• _Task objective_:
A complete answer includes every line below with the word "Rightarrow".
══════
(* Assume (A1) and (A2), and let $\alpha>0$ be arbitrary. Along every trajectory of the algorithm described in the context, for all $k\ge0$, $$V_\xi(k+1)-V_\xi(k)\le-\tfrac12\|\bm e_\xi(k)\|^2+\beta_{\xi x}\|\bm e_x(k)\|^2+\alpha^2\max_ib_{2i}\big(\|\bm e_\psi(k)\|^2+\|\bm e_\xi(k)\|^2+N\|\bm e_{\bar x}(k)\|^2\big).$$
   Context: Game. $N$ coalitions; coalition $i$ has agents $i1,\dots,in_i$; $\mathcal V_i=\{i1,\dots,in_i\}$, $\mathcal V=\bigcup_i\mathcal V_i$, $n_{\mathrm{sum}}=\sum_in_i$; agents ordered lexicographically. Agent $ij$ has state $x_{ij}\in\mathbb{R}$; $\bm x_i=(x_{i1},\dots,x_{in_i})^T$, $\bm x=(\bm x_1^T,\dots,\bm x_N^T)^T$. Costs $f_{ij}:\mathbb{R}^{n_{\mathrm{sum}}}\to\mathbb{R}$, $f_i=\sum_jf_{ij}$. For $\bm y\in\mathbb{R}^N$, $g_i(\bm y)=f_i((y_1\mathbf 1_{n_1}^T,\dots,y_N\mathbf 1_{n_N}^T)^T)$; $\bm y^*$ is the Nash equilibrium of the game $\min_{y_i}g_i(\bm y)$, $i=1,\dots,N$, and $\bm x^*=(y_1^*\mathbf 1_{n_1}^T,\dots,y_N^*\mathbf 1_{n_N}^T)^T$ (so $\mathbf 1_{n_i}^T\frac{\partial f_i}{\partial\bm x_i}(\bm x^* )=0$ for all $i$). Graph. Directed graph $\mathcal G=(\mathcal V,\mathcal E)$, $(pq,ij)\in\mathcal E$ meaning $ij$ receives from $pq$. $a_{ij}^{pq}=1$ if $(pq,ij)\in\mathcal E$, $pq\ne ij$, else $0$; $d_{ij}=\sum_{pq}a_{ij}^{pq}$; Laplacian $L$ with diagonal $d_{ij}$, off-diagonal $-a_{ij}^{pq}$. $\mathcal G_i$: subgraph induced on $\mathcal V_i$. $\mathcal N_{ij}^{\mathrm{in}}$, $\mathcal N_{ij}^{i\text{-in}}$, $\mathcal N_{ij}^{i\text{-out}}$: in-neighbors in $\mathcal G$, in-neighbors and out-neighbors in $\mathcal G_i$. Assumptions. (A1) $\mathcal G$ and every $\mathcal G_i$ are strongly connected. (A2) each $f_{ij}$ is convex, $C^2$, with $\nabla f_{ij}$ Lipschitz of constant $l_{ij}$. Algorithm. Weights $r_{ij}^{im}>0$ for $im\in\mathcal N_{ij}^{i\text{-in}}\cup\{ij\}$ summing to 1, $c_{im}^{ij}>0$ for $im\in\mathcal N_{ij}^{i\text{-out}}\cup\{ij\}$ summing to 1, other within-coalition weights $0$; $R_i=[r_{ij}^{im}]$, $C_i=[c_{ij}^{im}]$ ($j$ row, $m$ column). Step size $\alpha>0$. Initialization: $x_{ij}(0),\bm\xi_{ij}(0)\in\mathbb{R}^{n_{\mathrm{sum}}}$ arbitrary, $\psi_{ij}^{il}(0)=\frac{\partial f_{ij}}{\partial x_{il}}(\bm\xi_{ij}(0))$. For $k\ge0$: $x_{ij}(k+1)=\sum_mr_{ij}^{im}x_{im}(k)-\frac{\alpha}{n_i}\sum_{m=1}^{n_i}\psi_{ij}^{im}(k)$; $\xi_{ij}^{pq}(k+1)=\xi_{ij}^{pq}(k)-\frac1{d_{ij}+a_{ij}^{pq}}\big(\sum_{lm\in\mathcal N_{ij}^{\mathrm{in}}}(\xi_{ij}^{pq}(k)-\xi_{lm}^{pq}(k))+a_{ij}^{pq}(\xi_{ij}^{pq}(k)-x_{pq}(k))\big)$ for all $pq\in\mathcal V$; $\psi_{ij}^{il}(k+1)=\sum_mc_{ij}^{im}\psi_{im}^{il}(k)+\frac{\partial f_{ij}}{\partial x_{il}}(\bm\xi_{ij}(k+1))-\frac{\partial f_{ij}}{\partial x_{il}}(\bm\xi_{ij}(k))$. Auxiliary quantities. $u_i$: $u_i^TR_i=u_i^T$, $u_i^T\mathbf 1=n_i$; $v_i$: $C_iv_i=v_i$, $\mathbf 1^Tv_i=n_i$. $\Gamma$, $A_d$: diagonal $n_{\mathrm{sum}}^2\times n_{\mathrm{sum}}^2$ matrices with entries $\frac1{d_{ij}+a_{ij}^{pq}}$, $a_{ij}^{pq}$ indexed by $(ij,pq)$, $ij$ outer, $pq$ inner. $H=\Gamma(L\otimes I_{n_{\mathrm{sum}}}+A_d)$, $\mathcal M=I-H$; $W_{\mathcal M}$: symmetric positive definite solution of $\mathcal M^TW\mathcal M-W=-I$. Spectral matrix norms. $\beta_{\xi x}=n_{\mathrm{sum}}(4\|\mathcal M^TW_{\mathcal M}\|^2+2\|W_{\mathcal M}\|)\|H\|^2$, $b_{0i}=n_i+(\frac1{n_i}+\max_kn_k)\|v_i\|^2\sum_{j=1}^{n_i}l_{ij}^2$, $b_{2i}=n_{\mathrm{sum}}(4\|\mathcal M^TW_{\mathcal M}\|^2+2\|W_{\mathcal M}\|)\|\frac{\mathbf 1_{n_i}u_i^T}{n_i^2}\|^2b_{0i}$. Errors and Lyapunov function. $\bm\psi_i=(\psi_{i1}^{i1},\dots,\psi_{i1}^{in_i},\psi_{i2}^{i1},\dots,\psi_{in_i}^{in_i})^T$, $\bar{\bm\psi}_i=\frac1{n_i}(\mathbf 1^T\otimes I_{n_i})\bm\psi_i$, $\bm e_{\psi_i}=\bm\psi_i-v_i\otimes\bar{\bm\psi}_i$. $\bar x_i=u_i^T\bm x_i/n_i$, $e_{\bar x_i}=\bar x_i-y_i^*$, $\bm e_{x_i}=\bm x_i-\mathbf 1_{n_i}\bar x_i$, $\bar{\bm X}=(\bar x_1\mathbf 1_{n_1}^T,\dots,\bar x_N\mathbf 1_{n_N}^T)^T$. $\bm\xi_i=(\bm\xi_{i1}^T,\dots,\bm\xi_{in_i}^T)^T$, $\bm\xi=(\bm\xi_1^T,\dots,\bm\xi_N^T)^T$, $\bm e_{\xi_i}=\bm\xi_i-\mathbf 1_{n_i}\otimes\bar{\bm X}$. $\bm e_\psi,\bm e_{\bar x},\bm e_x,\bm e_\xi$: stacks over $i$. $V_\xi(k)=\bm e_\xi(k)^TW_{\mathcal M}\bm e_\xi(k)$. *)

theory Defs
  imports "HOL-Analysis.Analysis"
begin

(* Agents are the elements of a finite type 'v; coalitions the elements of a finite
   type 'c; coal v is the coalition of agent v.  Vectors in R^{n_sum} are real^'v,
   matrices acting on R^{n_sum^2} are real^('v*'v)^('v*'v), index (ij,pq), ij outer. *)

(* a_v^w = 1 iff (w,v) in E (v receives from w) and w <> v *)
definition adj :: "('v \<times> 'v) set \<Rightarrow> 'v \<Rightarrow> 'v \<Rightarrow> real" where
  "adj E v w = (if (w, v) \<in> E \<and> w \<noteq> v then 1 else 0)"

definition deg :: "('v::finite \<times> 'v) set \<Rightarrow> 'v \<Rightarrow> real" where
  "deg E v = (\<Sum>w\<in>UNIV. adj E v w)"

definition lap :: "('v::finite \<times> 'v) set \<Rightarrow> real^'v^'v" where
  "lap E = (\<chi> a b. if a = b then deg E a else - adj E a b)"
══════
• _Response below_:
definition adj :: "('v \<times> 'v) set \<Rightarrow> 'v \<Rightarrow> 'v \<Rightarrow> real" where
definition deg :: "('v::finite \<times> 'v) set \<Rightarrow> 'v \<Rightarrow> real" where
definition lap :: "('v::finite \<times> 'v) set \<Rightarrow> real^'v^'v" where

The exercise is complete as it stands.